Vsevolod Bagno
Born: 1951
Quick Study: Vsevolod Bagno is a distinguished literary scholar and translator of Spanish literature, director of the Institute of Russian Literature (aka the Pushkin House, a constituent institute of the Russian Academy of Sciences specializing in literature), editor-in-chief of the journal Russkaya literatura, and member of several Russian Federation cultural committees and councils.
The Bagno File: Bagno studied Spanish language and literature at Leningrad State University and wrote his two dissertations at the Pushkin House, eventually becoming that eminent institution’s director. He went on to produce an extensive body of scholarship on Russian literature, Spanish literature, and the cultural and literary connections between the two. He is also a professor at Saint Petersburg State University and a member of the Russian Academy of Sciences. He has translated poetry, prose, and drama from Spanish, Catalan, English, and French (including Francisco de Quevedo, José Ortega y Gasset, Jorge Luis Borges, Julio Cortázar, Germain Nouveau, Ramon Llull, and John Keats); edited editions of collected works of Jorge Luis Borges, Gabriel García Márquez, and Julio Cortázar in Russian translation; and since 2001 has periodically released collections of punning, paradoxical aphorisms entitled Pod absurdinku (a play on words combining the meanings of “muted,” “on the sly,” and “absurd”).
Bagno’s myriad other services, duties, and positions include:
- Editor-in-chief, Russkaya literatura
- Member, Zvezda Community Council
- Member, Big Book Prize Community Council
- Member, Read Russia Prize jury
- Member, International Association of Cervantes Scholars
- President, St. Petersburg Cervantes Fund
- Member, St. Petersburg Writer’s Union
- Member, Supervisory Board of the Institute of Translation
- Member, Russian Language Support, Conservation, and Development Advisory Board of the Federation Council’s Committee on Education and the Sciences
- Member, Ministry of Culture’s Science and Innovation Committee
- Member, St. Petersburg Mayor’s Committee on Cultivating Language
- Board Member, Likhachev Fund
- Member, Supervisory Board for the Humanities for the Russian State University of the Humanities
- Member, St. Petersburg State University Federal Funds Committee (evaluates university faculty research proposals that request federal funds)

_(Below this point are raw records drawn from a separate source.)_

(* On $\mathrm{Mon}_+$ consider the relation $\varphi_0\sim\varphi_1$ iff there exist $v\in L^2([0,1],H^1_0([0,1]))$ and a Lagrangian flow $\varphi$ associated with $v$ such that $\varphi(0,x)=\varphi_0(x)$ and $\varphi(1,x)=\varphi_1(x)$ for all $x\in[0,1]$. This relation is symmetric and transitive, and in fact $\varphi_0\sim\varphi_1$ holds for every pair $\varphi_0,\varphi_1\in\mathrm{Mon}_+$.
   Context: $\mathrm{Mon}_+$ denotes the set of nondecreasing functions $f:[0,1]\to[0,1]$ with $f(0)=0$ and $f(1)=1$. Definition (Lagrangian flow): let $v\in L^1([0,1],C([0,1]))$. A map $\varphi:[0,1]\times[0,1]\to[0,1]$, $(t,x)\mapsto\varphi(t,x)$, is a Lagrangian flow associated with $v$ if (i) $x\mapsto\varphi(t,x)$ is nondecreasing for every $t$, and (ii) for every $x$ the map $t\mapsto\varphi(t,x)$ is absolutely continuous and $\varphi(t,x)-\varphi(s,x)=\int_s^t v(r,\varphi(r,x))\,dr$ for all $0\le s<t\le 1$. *)

theory Defs
  imports "HOL-Analysis.Analysis"
begin

definition Mon_plus :: "(real \<Rightarrow> real) set" where
  "Mon_plus = {f. mono_on {0..1} f \<and> f ` {0..1} \<subseteq> {0..1} \<and> f 0 = 0 \<and> f 1 = 1}"

definition abs_cont_on :: "real \<Rightarrow> real \<Rightarrow> (real \<Rightarrow> real) \<Rightarrow> bool" where
  "abs_cont_on a b f \<longleftrightarrow>
     (\<forall>\<epsilon>>0. \<exists>\<delta>>0. \<forall>(n::nat) (I :: nat \<Rightarrow> real \<times> real).
        (\<forall>i<n. a \<le> fst (I i) \<and> fst (I i) \<le> snd (I i) \<and> snd (I i) \<le> b) \<and>
        (\<forall>i<n. \<forall>j<n. i \<noteq> j \<longrightarrow> snd (I i) \<le> fst (I j) \<or> snd (I j) \<le> fst (I i)) \<and>
        (\<Sum>i<n. snd (I i) - fst (I i)) < \<delta>
        \<longrightarrow> (\<Sum>i<n. \<bar>f (snd (I i)) - f (fst (I i))\<bar>) < \<epsilon>)"

text \<open>u belongs to H^1_0([0,1]) with weak derivative g: g is square integrable on [0,1],
  u(x) = int_0^x g for x in [0,1], and u(1) = 0 (u(0) = 0 is then automatic).\<close>
definition H10_with_deriv :: "(real \<Rightarrow> real) \<Rightarrow> (real \<Rightarrow> real) \<Rightarrow> bool" where
  "H10_with_deriv u g \<longleftrightarrow>
     g \<in> borel_measurable lborel \<and>
     set_integrable lborel {0..1} (\<lambda>y. (g y)\<^sup>2) \<and>
     set_integrable lborel {0..1} g \<and>
     (\<forall>x\<in>{0..1}. u x = (LINT y:{0..x}|lborel. g y)) \<and>
     u 1 = 0"

text \<open>v \<in> L^2([0,1], H^1_0([0,1])), represented by a (time-pointwise) representative
  v t = v(t,.) with jointly measurable spatial derivative w(t,.) and
  int_0^1 ||v(t)||_{H^1_0}^2 dt = int int w^2 < infinity.\<close>
definition L2_H10 :: "(real \<Rightarrow> real \<Rightarrow> real) \<Rightarrow> bool" where
  "L2_H10 v \<longleftrightarrow>
     (\<exists>w :: real \<Rightarrow> real \<Rightarrow> real.
        (\<lambda>p. w (fst p) (snd p)) \<in> borel_measurable (borel :: (real \<times> real) measure) \<and>
        set_integrable (lborel :: (real \<times> real) measure) ({0..1} \<times> {0..1})
           (\<lambda>p. (w (fst p) (snd p))\<^sup>2) \<and>
        (\<forall>t\<in>{0..1}. H10_with_deriv (v t) (w t)))"

definition lagrangian_flow :: "(real \<Rightarrow> real \<Rightarrow> real) \<Rightarrow> (real \<Rightarrow> real \<Rightarrow> real) \<Rightarrow> bool" where
  "lagrangian_flow v \<phi> \<longleftrightarrow>
     (\<forall>t\<in>{0..1}. \<forall>x\<in>{0..1}. \<phi> t x \<in> {0..1}) \<and>
     (\<forall>t\<in>{0..1}. mono_on {0..1} (\<phi> t)) \<and>
     (\<forall>x\<in>{0..1}. abs_cont_on 0 1 (\<lambda>t. \<phi> t x) \<and>
        (\<forall>s t. 0 \<le> s \<and> s < t \<and> t \<le> 1 \<longrightarrow>
           set_integrable lborel {s..t} (\<lambda>r. v r (\<phi> r x)) \<and>
           \<phi> t x - \<phi> s x = (LINT r:{s..t}|lborel. v r (\<phi> r x))))"

definition flow_rel :: "(real \<Rightarrow> real) \<Rightarrow> (real \<Rightarrow> real) \<Rightarrow> bool" where
  "flow_rel \<phi>0 \<phi>1 \<longleftrightarrow>
     (\<exists>v \<phi>. L2_H10 v \<and> lagrangian_flow v \<phi> \<and>
        (\<forall>x\<in>{0..1}. \<phi> 0 x = \<phi>0 x \<and> \<phi> 1 x = \<phi>1 x))"

end

theory Submission
  imports Defs
begin
lemma obtuse_superbase_iff:
  "obtuse_superbase r L B \<longleftrightarrow> finite B \<and> B \<noteq> {} \<and> lattice_rank L (card B - 1) \<and>
     zmod.span B = L \<and> (\<forall>u\<in>B. \<forall>v\<in>B. u \<noteq> v \<longrightarrow> pair r u v \<le> 0) \<and> (\<Sum>v\<in>B. v) = 0"
proof -
  have "(\<lambda>j. \<Sum>v\<in>B. v j) = (\<Sum>v\<in>B. v)" by (simp add: fun_eq_iff sum_apply)
  then show ?thesis
    by (auto simp: obtuse_superbase_def int_span_eq_span zero_fun_def card_gt_0_iff Suc_le_eq)
qed

lemma span_Diff_zero_sum:
  assumes "finite T" "T \<subseteq> S" "u \<in> T" "(\<Sum>v\<in>T. v) = 0"
  shows "zmod.span (S - {u}) = zmod.span S"
proof -
  have "u + (\<Sum>v\<in>T - {u}. v) = 0"
    using assms sum.remove[of T u "\<lambda>v. v"] by simp
  then have "u = - (\<Sum>v\<in>T - {u}. v)" by (simp add: eq_neg_iff_add_eq_0)
  also have "\<dots> \<in> zmod.span (S - {u})"
    using assms by (intro zmod.span_neg zmod.span_sum zmod.span_base) auto
  finally have "S \<subseteq> zmod.span (S - {u})"
    by (auto intro: zmod.span_base)
  moreover have "S - {u} \<subseteq> zmod.span S"
    by (auto intro: zmod.span_base)
  ultimately show ?thesis by (simp add: zmod.span_eq)
qed

lemma superbase_Diff_two_not_spanning:
  assumes B: "obtuse_superbase r L B" and "u \<in> B" "w \<in> B" "u \<noteq> w"
  shows "zmod.span (B - {u, w}) \<noteq> L"
proof
  assume span: "zmod.span (B - {u, w}) = L"
  have fin: "finite B" and "lattice_rank L (card B - 1)"
    using B by (simp_all add: obtuse_superbase_iff)
  then obtain V where V: "V \<subseteq> L" "int_indep V" "card V = card B - 1"
    by (auto simp: lattice_rank_def)
  have "card V \<le> card (B - {u, w})"
    using card_le_if_int_indep_in_span[of "B - {u, w}" V] fin V span by auto
  also have "\<dots> = card B - 2" using assms fin by (simp add: card_Diff_subset)
  finally show False using V(3) card_mono[OF fin, of "{u, w}"] assms by simp
qed

lemma zero_notin_superbase:
  assumes B: "obtuse_superbase r L B" and "2 \<le> card B"
  shows "0 \<notin> B"
proof
  assume "0 \<in> B"
  have fin: "finite B" and span: "zmod.span B = L" and sum0: "(\<Sum>v\<in>B. v) = 0"
    using B by (simp_all add: obtuse_superbase_iff)
  have "\<not> B \<subseteq> {0}" using card_mono[of "{0}" B] \<open>2 \<le> card B\<close> by auto
  then obtain w where w: "w \<in> B" "w \<noteq> 0" by blast
  have "(\<Sum>v\<in>B - {0}. v) = 0" using sum0 fin \<open>0 \<in> B\<close> by (simp add: sum_diff1)
  then have "zmod.span (B - {0} - {w}) = zmod.span (B - {0})"
    using fin w by (intro span_Diff_zero_sum[of "B - {0}"]) auto
  also have "\<dots> = L"
    using span fin \<open>0 \<in> B\<close> by (subst span_Diff_zero_sum[of "{0}"]) auto
  finally show False
    using superbase_Diff_two_not_spanning[OF B \<open>0 \<in> B\<close> w(1)] w by (metis Diff_insert2)
qed

lemma superbase_proper_subset_sum_nonzero:
  assumes B: "obtuse_superbase r L B" and T: "T \<subseteq> B" "T \<noteq> {}" "T \<noteq> B"
  shows "(\<Sum>v\<in>T. v) \<noteq> 0"
proof
  assume sumT: "(\<Sum>v\<in>T. v) = 0"
  have fin: "finite B" and span: "zmod.span B = L" and sum0: "(\<Sum>v\<in>B. v) = 0"
    using B by (simp_all add: obtuse_superbase_iff)
  obtain t w where tw: "t \<in> T" "w \<in> B" "w \<notin> T" using T by blast
  have "zmod.span (B - {w} - {t}) = zmod.span (B - {w})"
    using T tw fin sumT by (intro span_Diff_zero_sum[of T]) (auto intro: finite_subset)
  also have "\<dots> = L" using span fin sum0 tw by (subst span_Diff_zero_sum[of B]) auto
  moreover have "B - {w} - {t} = B - {t, w}" by auto
  ultimately show False
    using superbase_Diff_two_not_spanning[OF B _ tw(2), of t] tw T by auto
qed

lemma pair_nonneg_at_max_coeff:
  assumes B: "obtuse_superbase r L B" and u: "u \<in> B" and max: "\<forall>w\<in>B. c w \<le> c u"
  shows "0 \<le> pair r u (\<Sum>w\<in>B. zscale (c w) w)"
proof -
  have obtuse: "\<forall>v\<in>B. \<forall>w\<in>B. v \<noteq> w \<longrightarrow> pair r v w \<le> 0" and sum0: "(\<Sum>v\<in>B. v) = 0"
    using B by (simp_all add: obtuse_superbase_iff)
  have "(\<Sum>w\<in>B. pair r u w) = 0" using pair_sum_right[of r u "\<lambda>w. w" B] sum0 by simp
  then have "pair r u (\<Sum>w\<in>B. zscale (c w) w) = (\<Sum>w\<in>B. (c w - c u) * pair r u w)"
    by (simp add: pair_sum_right pair_zscale_right left_diff_distrib sum_subtractf
        sum_distrib_left[symmetric])
  also have "\<dots> \<ge> 0"
  proof (rule sum_nonneg)
    fix w assume "w \<in> B"
    show "0 \<le> (c w - c u) * pair r u w"
    proof (cases "w = u")
      case False
      then have "pair r u w \<le> 0" using obtuse u \<open>w \<in> B\<close> by auto
      then show ?thesis using max \<open>w \<in> B\<close> by (simp add: mult_nonpos_nonpos)
    qed simp
  qed
  finally show ?thesis .
qed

- Co-Chairperson of the committee on Connections and Cultural Relations between Russia, Spain, and Latin America of the Russian Academy of Science’s Research Council on the History of Global Culture
- Deputy Chairperson of the Editorial Board of the series “Literary Monuments” (releases academic editions of important literary works from around the world)
- Chairperson of the Editorial Board of the 35-volume Complete Collected Works of Dostoyevsky
- Member, Editorial Board of the Complete Collected Works of Pushkin
Psssst….........: Bagno was granted the Spanish Order of Isabella the Catholic (Officer of the Cross) in recognition of his dedication to promoting cultural ties between Spain and Russia.
Bagno’s Places: Born in Engels, Saratov Oblast; lives and works in Saint Petersburg.
The Word on Bagno: According to his membership profile on the webpage of the Worldwide Petersburger’s Club, his hobbies include photography, sculpture, and karate. He was recently one of the judges for the UK-Russia Year of Language and Literature Translation Contest (2016).
Bagno on Russian Literature: “We say that [Pushkin] is “our everything,” and foreigners are willing to believe it, but they have no idea what Pushkin did that was so special in the context of world literature, or what it is that makes Russians love him so much. And until this very day we still haven’t been able to explain this to the world. We were able to explain it with Dostoyevsky, Tolstoy, and Chekhov, but not with Pushkin. And he wasn’t the only one. Lermontov, Gogol, Goncharov, Leskov, Kharms, Tsvetaeva, Platonov…. the world literary community still hasn’t fully grasped their significance.”
Bagno on the Survival of Literature: “In order for it to survive, literature will develop other devices, other possibilities, ones that weren’t fully utilized before the advent of the Internet. Literature doesn’t have a predetermined period of existence. After all, nobody really knows exactly what it is. If we could precisely define the nature of the object, then we could talk about it having an expiration date, like sausage, or a bicycle.”
Bagno on Translation: “Translation isn’t the best form of communication on this earth, it is the only possible form. If we don’t translate what we want to say into our interlocutor’s language, then we have no chance of even being heard, much less understood.”
Bagno on Reading: “After all, if a person who likes trashy novels happens to open up some Dostoyevsky instead, then it will be a completely different Dostoyevsky. Not the one that, say, you and I know. There is one Leo Tolstoy, but then there’s a different one, and there’s also a third one, and it all depends on who’s reading him, and how. Unfortunately, we don’t know which Tolstoy or Pushkin the class delinquents at school are reading. It’d be interesting to find out.”